I want to continue with a line of thought from this
column last week i.e. that African countries cannot be governed using
strategies Western governments employ to govern their societies.
Government legitimacy in the West is based on many things.
But one critical source of legitimacy is the ability of the state to provide
all its citizens with a large basket of public goods and services. Sadly,
African nations do not have the money to govern that way.
I want to make an even more controversial proposition: that
more than the character and competences of individual leaders in Africa, it is
the limited financial resources that inevitably lead our governments to rely
more on patronage (to secure the cooperation of elites) and repression (to
coerce obedience from the citizenry). At the risk of sounding like his
apologist, I think President Yoweri Museveni has ruled like the late Mobutu
Sese Seko of then Zaire and Kenya’s Daniel arap Moi because of this challenge
than because it’s his character.
This conclusion came to me slowly and painfully in 2010
when, in a moment of extreme hubris, I speculated on running for president of
Uganda.
My plan was to develop a national budget that would ensure
that my government would base its legitimacy on delivering a modest basket of
public goods and services to all citizens through arms-length interactions
mediated by public institutions.
I am aware that there are many reasons why citizens may
support a government; provision of public goods and services is only one of
them, perhaps even not the most important. But space does not allow me to delve
into this subject. I will return to the different bases of legitimacy next
week. So let me deal with my hubris of running for president against Museveni.
I decided to write a modest budget where public officials
would be paid a living wage, build roads, dams, improve the
textbook/teacher/classroom to pupil ratio, ensure hospitals would not run out
of drugs and all the public goods and services associated with a modern state.

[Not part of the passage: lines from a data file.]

lemma plus_norm_le_plus_norm_superset:
  "H \<subseteq> K \<Longrightarrow> plus_norm G Ghat d \<rho> H t \<le> plus_norm G Ghat d \<rho> K t"
  unfolding plus_norm_def by (intro INF_superset_mono) auto

text \<open>The objective over \<open>H\<close> only involves Fourier coefficients indexed by \<open>H\<close>.\<close>
lemma objective_le_objective_superset:
  assumes HK: "H \<subseteq> K"
    and \<psi>: "\<And>j \<xi>. j < q \<Longrightarrow> \<xi> \<in> H \<Longrightarrow> fourier M d \<rho> (\<psi> j) \<xi> = fourier M d \<rho> (\<phi> j) \<xi>"
  shows "objective G M Ghat d \<rho> H n q y lam mu \<psi> l \<le> objective G M Ghat d \<rho> K n q y lam mu \<phi> l"
proof -
  have residual_le: "(\<integral>\<^sup>+\<xi>. ennreal ((real (d \<xi>))\<^sup>2 / 2 * frob2 (residual M d \<rho> q (y i) \<psi> (l i) \<xi>)) \<partial>count_space H)
      \<le> (\<integral>\<^sup>+\<xi>. ennreal ((real (d \<xi>))\<^sup>2 / 2 * frob2 (residual M d \<rho> q (y i) \<phi> (l i) \<xi>)) \<partial>count_space K)"
    for i
  proof (rule nn_integral_count_space_subset_mono[OF HK])
    fix \<xi> assume "\<xi> \<in> H"
    then have "residual M d \<rho> q (y i) \<psi> (l i) \<xi> = residual M d \<rho> q (y i) \<phi> (l i) \<xi>"
      unfolding residual_def using \<psi> by (intro eq_matI) auto
    then show "ennreal ((real (d \<xi>))\<^sup>2 / 2 * frob2 (residual M d \<rho> q (y i) \<psi> (l i) \<xi>))
        \<le> ennreal ((real (d \<xi>))\<^sup>2 / 2 * frob2 (residual M d \<rho> q (y i) \<phi> (l i) \<xi>))" by simp
  qed
  have plus_norm_le: "ennreal lam * (\<Sum>j<q. plus_norm G Ghat d \<rho> H (l i j))
      \<le> ennreal lam * (\<Sum>j<q. plus_norm G Ghat d \<rho> K (l i j))" for i
    by (intro mult_left_mono sum_mono plus_norm_le_plus_norm_superset[OF HK]) simp
  have coefficient_le: "ennreal (mu j) * (\<integral>\<^sup>+\<xi>. ennreal ((real (d \<xi>))\<^sup>2 * frob2 (fourier M d \<rho> (\<psi> j) \<xi>)) \<partial>count_space H)
      \<le> ennreal (mu j) * (\<integral>\<^sup>+\<xi>. ennreal ((real (d \<xi>))\<^sup>2 * frob2 (fourier M d \<rho> (\<phi> j) \<xi>)) \<partial>count_space K)"
    if "j \<in> {..<q}" for j
    using that by (intro mult_left_mono nn_integral_count_space_subset_mono[OF HK]) (simp_all add: \<psi>)
  show ?thesis
    unfolding objective_def
    by (rule add_mono[OF sum_mono[OF add_mono[OF residual_le plus_norm_le]] sum_mono[OF coefficient_le]])
qed
lemma sets_occ_from [measurable]: "occ_from r m \<in> sets (stream_space M)"
  unfolding occ_from_def by measurable

lemma prefix_determined_quiet: "prefix_determined M (slot r i) (quiet r m i)"
  unfolding prefix_determined_def
proof (intro ballI)
  fix \<omega> \<omega>' assume \<omega>: "\<omega> \<in> space (stream_space M)" and \<omega>': "\<omega>' \<in> space (stream_space M)"
  let ?w = "stake (slot r i) \<omega> @- \<omega>'"
  have w: "?w \<in> space (stream_space M)"
    using \<omega> \<omega>' by (auto simp: space_stream_space streams_iff_snth shift_snth)
  have same: "?w !! j = \<omega> !! j" if "j < slot r i" for j
    using that by (simp add: shift_snth)
  have "occurs_at (slot r i') ?w = occurs_at (slot r i') \<omega>" if "i' < i" for i'
  proof -
    have "Suc i' * length As \<le> i * length As"
      using that by (intro mult_le_mono1) simp
    then have "slot r i' + l < slot r i" if "l < length As" for l
      using that by simp
    then show ?thesis
      unfolding occurs_at_iff[OF w] occurs_at_iff[OF \<omega>] using same by auto
  qed
  then show "?w \<in> quiet r m i \<longleftrightarrow> \<omega> \<in> quiet r m i"
    unfolding quiet_def using w \<omega> same by auto
qed

lemma disjoint_family_first_occ: "disjoint_family (\<lambda>j. first_occ r m (m + j))"
proof -
  have "first_occ r m (m + a) \<inter> first_occ r m (m + b) = {}" if "a < b" for a b
    using that by (auto simp: first_occ_def quiet_def occurs_at_def)
  then show ?thesis
    unfolding disjoint_family_on_def by (metis inf_commute linorder_neqE_nat)
qed

lemma in_occ_from:
  assumes \<omega>: "\<omega> \<in> space (stream_space M)" and no_B: "\<forall>t < slot r i. \<omega> !! t \<notin> B"
    and occ: "occurs_at (slot r i) \<omega>" and "m \<le> i"
  shows "\<omega> \<in> occ_from r m"
proof -
  define i\<^sub>0 where "i\<^sub>0 = (LEAST i. m \<le> i \<and> occurs_at (slot r i) \<omega>)"
  have i\<^sub>0: "m \<le> i\<^sub>0" "occurs_at (slot r i\<^sub>0) \<omega>"
    using LeastI[of "\<lambda>i. m \<le> i \<and> occurs_at (slot r i) \<omega>", OF conjI[OF \<open>m \<le> i\<close> occ]]
    by (auto simp: i\<^sub>0_def)
  have "i\<^sub>0 \<le> i"
    unfolding i\<^sub>0_def using \<open>m \<le> i\<close> occ by (intro Least_le) simp
  then have "slot r i\<^sub>0 \<le> slot r i"
    by simp
  then have "\<forall>t < slot r i\<^sub>0. \<omega> !! t \<notin> B"
    using no_B less_le_trans by blast
  moreover have "\<not> occurs_at (slot r i') \<omega>" if "m \<le> i'" "i' < i\<^sub>0" for i'
    using that not_less_Least[of i' "\<lambda>i. m \<le> i \<and> occurs_at (slot r i) \<omega>"] by (simp add: i\<^sub>0_def)
  ultimately have "\<omega> \<in> first_occ r m (m + (i\<^sub>0 - m))"
    using \<omega> i\<^sub>0 by (auto simp: first_occ_def quiet_def occurs_at_def)
  then show ?thesis
    by (auto simp: occ_from_def)
qed

lemma decseq_occ_from: "decseq (occ_from r)"
proof (rule decseq_SucI, rule subsetI)
  fix m \<omega> assume "\<omega> \<in> occ_from r (Suc m)"
  then obtain j where "\<omega> \<in> first_occ r (Suc m) (Suc m + j)"
    by (auto simp: occ_from_def)
  then show "\<omega> \<in> occ_from r m"
    by (intro in_occ_from[of _ _ "Suc m + j"]) (auto simp: first_occ_def quiet_def occurs_at_def)
qed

I did extensive research in public sector costs whose details would clutter
this article. So I hope you just trust me. My annual budget came to $75
billion.
Now you may think this is too much money. Yet, when you get
this $75 billion and divide it by the total population of Uganda (39m people),
you get public spending per person of only $1,923. This money is supposed to
pay for universal education from primary to university, universal healthcare,
roads, bridges, electricity dams, transmission and distribution lines, water
and sewerage, agriculture extension services, trade, pensions for the elderly,
justice, security, finance industrialization, sports, build sea and airports
etc.
Let me ignore 2011 when I would have become president and
use the 2016/17 budget. Note that Uganda’s revenue for that financial year was
about $4.5 billion, its budget was $6.7 billion and its GDP was about $25
billion. If you divide this by 39m people, public spending per person was a
paltry $169.
How much can anyone reading this article do with this money
in an entire year? Even what I had thought was a modest budget was far beyond
the means of my country. It became clear to me that my country simply doesn’t
have the resources to govern itself the way I thought it can and should.